*** Opening EXCERPTED RECORDS ***
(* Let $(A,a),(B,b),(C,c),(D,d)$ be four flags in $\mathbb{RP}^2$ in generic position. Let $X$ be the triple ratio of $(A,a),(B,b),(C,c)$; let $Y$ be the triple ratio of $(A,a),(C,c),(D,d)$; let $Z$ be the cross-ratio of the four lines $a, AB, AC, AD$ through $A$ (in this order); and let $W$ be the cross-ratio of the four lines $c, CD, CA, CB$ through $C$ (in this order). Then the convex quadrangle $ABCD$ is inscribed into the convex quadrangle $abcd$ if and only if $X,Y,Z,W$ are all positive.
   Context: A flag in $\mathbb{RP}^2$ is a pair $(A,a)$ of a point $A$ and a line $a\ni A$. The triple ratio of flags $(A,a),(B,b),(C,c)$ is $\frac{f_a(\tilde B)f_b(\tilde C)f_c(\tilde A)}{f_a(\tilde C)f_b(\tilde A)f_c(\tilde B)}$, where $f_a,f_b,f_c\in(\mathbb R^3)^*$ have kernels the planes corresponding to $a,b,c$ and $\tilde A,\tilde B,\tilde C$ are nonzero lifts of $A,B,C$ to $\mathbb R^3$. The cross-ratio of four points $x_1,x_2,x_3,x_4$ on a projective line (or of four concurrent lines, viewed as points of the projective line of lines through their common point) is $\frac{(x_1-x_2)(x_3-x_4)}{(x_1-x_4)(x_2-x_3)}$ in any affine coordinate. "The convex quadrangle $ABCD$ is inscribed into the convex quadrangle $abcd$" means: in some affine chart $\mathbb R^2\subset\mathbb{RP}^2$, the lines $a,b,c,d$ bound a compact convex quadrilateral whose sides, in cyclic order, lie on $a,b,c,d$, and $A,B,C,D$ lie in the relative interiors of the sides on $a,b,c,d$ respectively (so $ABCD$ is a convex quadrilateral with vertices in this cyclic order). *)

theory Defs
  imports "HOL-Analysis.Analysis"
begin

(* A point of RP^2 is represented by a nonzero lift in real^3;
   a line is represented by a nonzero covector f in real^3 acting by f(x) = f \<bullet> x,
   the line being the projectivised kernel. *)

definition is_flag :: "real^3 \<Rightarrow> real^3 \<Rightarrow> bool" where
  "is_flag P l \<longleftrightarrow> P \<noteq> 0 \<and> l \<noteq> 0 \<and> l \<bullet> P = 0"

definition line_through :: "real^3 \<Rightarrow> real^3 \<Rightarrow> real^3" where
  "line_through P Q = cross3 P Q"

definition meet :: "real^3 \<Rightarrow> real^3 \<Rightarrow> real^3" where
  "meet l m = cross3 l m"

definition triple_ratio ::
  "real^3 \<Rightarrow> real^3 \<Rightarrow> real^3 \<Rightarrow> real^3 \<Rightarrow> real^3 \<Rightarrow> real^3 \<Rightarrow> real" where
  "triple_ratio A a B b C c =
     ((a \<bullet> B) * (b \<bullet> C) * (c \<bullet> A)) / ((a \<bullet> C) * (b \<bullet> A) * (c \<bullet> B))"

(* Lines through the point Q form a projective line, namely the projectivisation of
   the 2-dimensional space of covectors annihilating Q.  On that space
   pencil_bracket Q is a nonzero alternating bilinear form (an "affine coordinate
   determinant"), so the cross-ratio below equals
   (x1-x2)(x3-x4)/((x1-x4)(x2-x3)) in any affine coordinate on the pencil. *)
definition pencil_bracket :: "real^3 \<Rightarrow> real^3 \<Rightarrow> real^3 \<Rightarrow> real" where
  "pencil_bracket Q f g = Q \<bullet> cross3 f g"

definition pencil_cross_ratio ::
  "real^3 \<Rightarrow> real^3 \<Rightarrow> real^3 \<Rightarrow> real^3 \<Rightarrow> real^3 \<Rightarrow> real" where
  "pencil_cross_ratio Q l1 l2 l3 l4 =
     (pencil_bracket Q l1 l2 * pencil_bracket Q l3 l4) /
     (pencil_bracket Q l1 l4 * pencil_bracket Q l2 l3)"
*** Closing EXCERPTED RECORDS ***
*** Opening EXCERPTED RECORDS ***
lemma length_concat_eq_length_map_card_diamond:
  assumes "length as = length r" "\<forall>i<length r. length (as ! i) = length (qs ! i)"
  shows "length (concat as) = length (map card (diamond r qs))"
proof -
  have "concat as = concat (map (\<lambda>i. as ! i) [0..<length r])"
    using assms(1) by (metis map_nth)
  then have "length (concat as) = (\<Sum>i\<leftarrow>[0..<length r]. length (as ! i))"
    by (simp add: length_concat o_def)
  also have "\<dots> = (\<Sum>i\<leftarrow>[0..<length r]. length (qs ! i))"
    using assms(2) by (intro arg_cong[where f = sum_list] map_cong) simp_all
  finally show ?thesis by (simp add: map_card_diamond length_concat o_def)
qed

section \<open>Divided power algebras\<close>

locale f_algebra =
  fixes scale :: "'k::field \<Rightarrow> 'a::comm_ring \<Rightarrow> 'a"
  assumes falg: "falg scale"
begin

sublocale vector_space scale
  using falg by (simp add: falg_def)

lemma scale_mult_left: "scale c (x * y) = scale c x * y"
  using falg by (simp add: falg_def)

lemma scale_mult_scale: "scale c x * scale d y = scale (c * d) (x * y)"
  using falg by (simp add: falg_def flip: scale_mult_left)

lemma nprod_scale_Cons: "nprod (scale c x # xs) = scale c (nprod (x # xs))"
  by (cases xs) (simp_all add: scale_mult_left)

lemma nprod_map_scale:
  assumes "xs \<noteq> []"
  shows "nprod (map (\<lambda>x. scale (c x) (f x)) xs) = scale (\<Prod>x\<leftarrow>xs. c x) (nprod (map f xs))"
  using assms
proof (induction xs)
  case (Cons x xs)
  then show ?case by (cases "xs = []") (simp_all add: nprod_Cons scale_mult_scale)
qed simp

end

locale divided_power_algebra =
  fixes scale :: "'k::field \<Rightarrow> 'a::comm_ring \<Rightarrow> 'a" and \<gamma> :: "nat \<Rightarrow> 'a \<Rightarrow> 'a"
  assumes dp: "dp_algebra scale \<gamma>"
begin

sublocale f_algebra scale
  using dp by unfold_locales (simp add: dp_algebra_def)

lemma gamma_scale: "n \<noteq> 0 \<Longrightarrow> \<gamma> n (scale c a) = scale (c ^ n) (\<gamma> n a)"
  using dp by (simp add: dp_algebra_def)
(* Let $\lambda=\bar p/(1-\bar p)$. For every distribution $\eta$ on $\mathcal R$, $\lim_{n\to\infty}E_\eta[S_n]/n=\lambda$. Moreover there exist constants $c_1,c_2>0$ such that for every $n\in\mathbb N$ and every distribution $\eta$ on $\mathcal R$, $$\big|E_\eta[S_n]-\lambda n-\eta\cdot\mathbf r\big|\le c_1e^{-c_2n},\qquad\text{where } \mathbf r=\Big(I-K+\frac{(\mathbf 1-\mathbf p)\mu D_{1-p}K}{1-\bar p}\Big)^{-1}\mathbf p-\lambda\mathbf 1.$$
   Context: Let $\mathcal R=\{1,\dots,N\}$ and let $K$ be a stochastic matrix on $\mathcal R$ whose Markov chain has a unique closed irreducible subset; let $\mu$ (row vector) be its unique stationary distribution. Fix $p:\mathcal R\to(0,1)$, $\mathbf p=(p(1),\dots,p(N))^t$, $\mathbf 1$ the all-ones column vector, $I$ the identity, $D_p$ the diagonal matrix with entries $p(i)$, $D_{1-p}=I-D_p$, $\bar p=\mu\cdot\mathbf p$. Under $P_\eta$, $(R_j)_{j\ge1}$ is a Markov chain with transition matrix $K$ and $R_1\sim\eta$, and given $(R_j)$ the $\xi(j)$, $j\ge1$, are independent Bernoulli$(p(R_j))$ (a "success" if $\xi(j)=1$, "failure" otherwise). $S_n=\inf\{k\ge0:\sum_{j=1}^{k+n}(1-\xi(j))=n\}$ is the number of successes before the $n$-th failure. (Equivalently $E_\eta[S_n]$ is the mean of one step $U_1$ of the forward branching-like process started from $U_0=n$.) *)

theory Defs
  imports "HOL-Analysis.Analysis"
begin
*** Closing EXCERPTED RECORDS ***
WORK ORDER: Once you have read through the entries above, state how many lines hold the word "sublocale", giving nothing but the number.

SOLUTION TO THIS TASK: 2